Однажды ему предложили сбыть часть товара «налево». Было начало недели, ревизия казалось ещё далеко. «К тому времени как-нибудь перекрою», – успокоил себя парень, пряча шекели в карман. В тот раз всё прошло гладко, и через время Чипс повторил свой трюк ещё. Долго так продолжаться не могло, сидеть в тюрьме не хотелось, Игорь опять загрустил и нанёс удар на опережение. Загрузив машину, не стал развозить товар по точкам, а скинул перекупщику за полцены. Взяв билет на самолёт, той же ночью Чипс улетел в Киев. Но жить ему было негде. Бывший тёткин сожитель, равнодушно посмотрев на незваного гостя, захлопнул перед ним железную дверь, продемонстрировав, на всякий случай, бицепс внушительных размеров.

Но пока деньги шуршали в кармане, проблем не было, они пришли в тот день, когда он разменял последнюю сто долларовую купюру. «Бомжевать» вчерашнему кумиру малолеток не хотелось, назад тоже не тянуло и тогда, со своим старым Украинским паспортом Игорёк пошёл в военкомат. Отслужив срочную и здесь, приехал в Киев и то возил Вадима, когда было на чём, то занимался бог весть чем, ночуя в притонах родного района.

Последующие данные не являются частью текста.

(* Let $x\in S\cap\mathbb{R}^n$ and $J\subset[n]$. Then $J$ is a feasible descent direction at $x$ (i.e. $x+\delta\chi_J\in S$ and $f(x+\delta\chi_J)<f(x)$ for all $0<\delta<\epsilon(x)$) if and only if: (1) for any $j\in J$ and any $w_i\in\mathcal{N}^-_W(j,x)$ there exists $j'\in\mathcal{N}^-_V(w_i,x)$ with $j'\in J$; and (2) $\mu(J,x)<0$.
   Context: $\mathbb{R}_{\max}=\mathbb{R}\cup\{-\infty\}$, $\chi_J$ the indicator vector of $J$. Data: $A^\pm=(a^\pm_{i,j})\in\mathbb{R}_{\max}^{m\times n}$, $C=(c_{k,j})\in\mathbb{R}_{\max}^{p\times n}$, $\mu^+\in\mathbb{Z}_{\ge0}^p$, $\mu^-\in\mathbb{Z}_{\ge0}^n$; $A=(a_{i,j})$, $a_{i,j}=\max(a^+_{i,j},a^-_{i,j})$. $f(x)=\sum_k\mu^+_k\max_j(c_{k,j}+x_j)-\sum_j\mu^-_jx_j$; $S=\{x:\max_j(a^+_{i,j}+x_j)\ge\max_j(a^-_{i,j}+x_j)\ \forall i\in[m]\}$. Standing assumptions: each row of $A$ and $C$ has a finite entry; $\sum_k\mu^+_k=\sum_j\mu^-_j$; the undirected graph on $\{u_k\}\cup[n]\cup\{w_i\}$ with edges $\{u_k,j\}$ ($c_{k,j}\ne-\infty$), $\{w_i,j\}$ ($a_{i,j}\ne-\infty$) is connected. $\epsilon(x)$ is the smallest positive value among $|(a_{i,j_1}+x_{j_1})-(a_{i,j_2}+x_{j_2})|$ and $|(c_{k,j_1}+x_{j_1})-(c_{k,j_2}+x_{j_2})|$ over all $i,k,j_1,j_2$. Tangent digraph $\mathcal{G}(x)$ on $U=\{u_1..u_p\}$, $V=[n]$, $W=\{w_1..w_m\}$ with edges $E_1(x)=\{(u_k,j):\max_{j'}(c_{k,j'}+x_{j'})=c_{k,j}+x_j\}$, $E_2(x)=\{(w_i,j):\max_{j'}(a_{i,j'}+x_{j'})=a^-_{i,j}+x_j\}$, $E_3(x)=\{(j,w_i):\max_{j'}(a_{i,j'}+x_{j'})=a^+_{i,j}+x_j\}$. $\mathcal{N}_U(J,x)=\{u_k:(u_k,j)\in E_1(x)\text{ for some }j\in J\}$, $\mathcal{N}^-_W(j,x)=\{w_i:(w_i,j)\in E_2(x)\}$, $\mathcal{N}^-_V(w_i,x)=\{j:(j,w_i)\in E_3(x)\}$, and $\mu(J,x)=\sum_{u_k\in\mathcal{N}_U(J,x)}\mu^+_k-\sum_{j\in J}\mu^-_j$. *)

theory Defs
  imports "HOL-Library.Extended_Real"
begin

(* Indices are 0-based: [n] is rendered as {..<n}, [m] as {..<m}, [p] as {..<p}.
   Matrices over R_max are functions nat => nat => ereal whose entries are never +infinity.
   Points x in R^n are functions nat => real; only the values x j for j < n matter. *)

definition Amax :: "(nat \<Rightarrow> nat \<Rightarrow> ereal) \<Rightarrow> (nat \<Rightarrow> nat \<Rightarrow> ereal) \<Rightarrow> nat \<Rightarrow> nat \<Rightarrow> ereal" where
  "Amax Ap Am i j = max (Ap i j) (Am i j)"

definition rowmax :: "nat \<Rightarrow> (nat \<Rightarrow> nat \<Rightarrow> ereal) \<Rightarrow> (nat \<Rightarrow> real) \<Rightarrow> nat \<Rightarrow> ereal" where
  "rowmax n M x i = Max ((\<lambda>j. M i j + ereal (x j)) ` {..<n})"

definition objf :: "nat \<Rightarrow> nat \<Rightarrow> (nat \<Rightarrow> nat \<Rightarrow> ereal) \<Rightarrow> (nat \<Rightarrow> nat) \<Rightarrow> (nat \<Rightarrow> nat)
    \<Rightarrow> (nat \<Rightarrow> real) \<Rightarrow> ereal" where
  "objf n p C mup mum x =
     (\<Sum>k<p. ereal (real (mup k)) * rowmax n C x k) - ereal (\<Sum>j<n. real (mum j) * x j)"

definition feasS :: "nat \<Rightarrow> nat \<Rightarrow> (nat \<Rightarrow> nat \<Rightarrow> ereal) \<Rightarrow> (nat \<Rightarrow> nat \<Rightarrow> ereal) \<Rightarrow> (nat \<Rightarrow> real) set" where
  "feasS n m Ap Am = {x. \<forall>i<m. rowmax n Ap x i \<ge> rowmax n Am x i}"

definition indic_add :: "(nat \<Rightarrow> real) \<Rightarrow> real \<Rightarrow> nat set \<Rightarrow> nat \<Rightarrow> real" where
  "indic_add x \<delta> J = (\<lambda>j. x j + (if j \<in> J then \<delta> else 0))"

(* epsilon(x): smallest positive value among the (finite) differences;
   +infinity if there is no such value *)
definition eps :: "nat \<Rightarrow> nat \<Rightarrow> nat \<Rightarrow> (nat \<Rightarrow> nat \<Rightarrow> ereal) \<Rightarrow> (nat \<Rightarrow> nat \<Rightarrow> ereal) \<Rightarrow> (nat \<Rightarrow> nat \<Rightarrow> ereal)
    \<Rightarrow> (nat \<Rightarrow> real) \<Rightarrow> ereal" where
  "eps n m p Ap Am C x = Inf (ereal ` {d. d > 0 \<and>
      ((\<exists>i<m. \<exists>j1<n. \<exists>j2<n. \<exists>a1 a2. Amax Ap Am i j1 = ereal a1 \<and> Amax Ap Am i j2 = ereal a2 \<and>
           d = \<bar>(a1 + x j1) - (a2 + x j2)\<bar>) \<or>
       (\<exists>k<p. \<exists>j1<n. \<exists>j2<n. \<exists>c1 c2. C k j1 = ereal c1 \<and> C k j2 = ereal c2 \<and>
           d = \<bar>(c1 + x j1) - (c2 + x j2)\<bar>))})"

definition E1 :: "nat \<Rightarrow> (nat \<Rightarrow> nat \<Rightarrow> ereal) \<Rightarrow> (nat \<Rightarrow> real) \<Rightarrow> nat \<Rightarrow> nat \<Rightarrow> bool" where
  "E1 n C x k j \<longleftrightarrow> rowmax n C x k = C k j + ereal (x j)"

definition E2 :: "nat \<Rightarrow> (nat \<Rightarrow> nat \<Rightarrow> ereal) \<Rightarrow> (nat \<Rightarrow> nat \<Rightarrow> ereal) \<Rightarrow> (nat \<Rightarrow> real) \<Rightarrow> nat \<Rightarrow> nat \<Rightarrow> bool" where
  "E2 n Ap Am x i j \<longleftrightarrow> rowmax n (Amax Ap Am) x i = Am i j + ereal (x j)"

Не найдя себе места на родине предков он вернулся, чтобы встретить здесь смерть, одну на двоих с человеком за которым шёл весь земной путь. Как верный паж Чипс сложил голову за чужие интересы, разменяв на них оставшуюся жизнь.

«Где же ты сейчас? – печально думал Женя, глядя, как ветер играет зелёными листьями берёзы. – Похоронен ли на Еврейском кладбище сердобольными соплеменниками или твой невостребованный труп разобрал на части нетрезвый патологоанатом?» Он как-то видел видеоклип с жутким названием «Морг», где грудную клетку молодого мужчины вскрывали, будто консервную банку. Дальше Женя смотреть не стал, ему хватило первых кадров. Возможно, это был Чипс.

Закончив объект, Женька устало глядел сквозь окно только что застеклённого балкона в синюю пустоту небесного океана. В бледное небо августа белой полосой уходил казавшийся крошечным самолёт. «У каждой эпохи свои герои, – размышлял он, отстранённо следя за полётом. – Для позапрошлого века то были Печорин и Ахметов, для прошлого – Павлик Морозов и Молодогвардейцы. А кто герои нашего времени? – строго спросил Женя пилота. – Саша Белый и такие как Настя с Вадимом?»

Но лётчик не слышал, продолжая набирать высоту, он выходил за звуковой барьер маленькой серебряной стрелою.

– Дерьмовое время, – вслух сказал Женя, – и герои его дерьмо.

***

В ту ночь он долго не мог уснуть, было жарко, да и мысли, растревоженными тараканами выползая из подсознания, терзали сон. Уже под утро, когда первые лучи солнца добавили в бархат багрянца, Женька, наконец, провалился в забытьё.

Он стоял у обочины просёлочной дороги, было темно и тихо, а небо над головой, без звёзд и луны, казалось чужим и жутким. Свет исходил лишь от небольших холмиков, тлевших во мраке на расстоянии метров в пятьсот друг от друга. Что там горело, и кто поддерживал огонь, Женя увидеть не мог, прислушиваясь к звукам, идущим откуда-то, издали.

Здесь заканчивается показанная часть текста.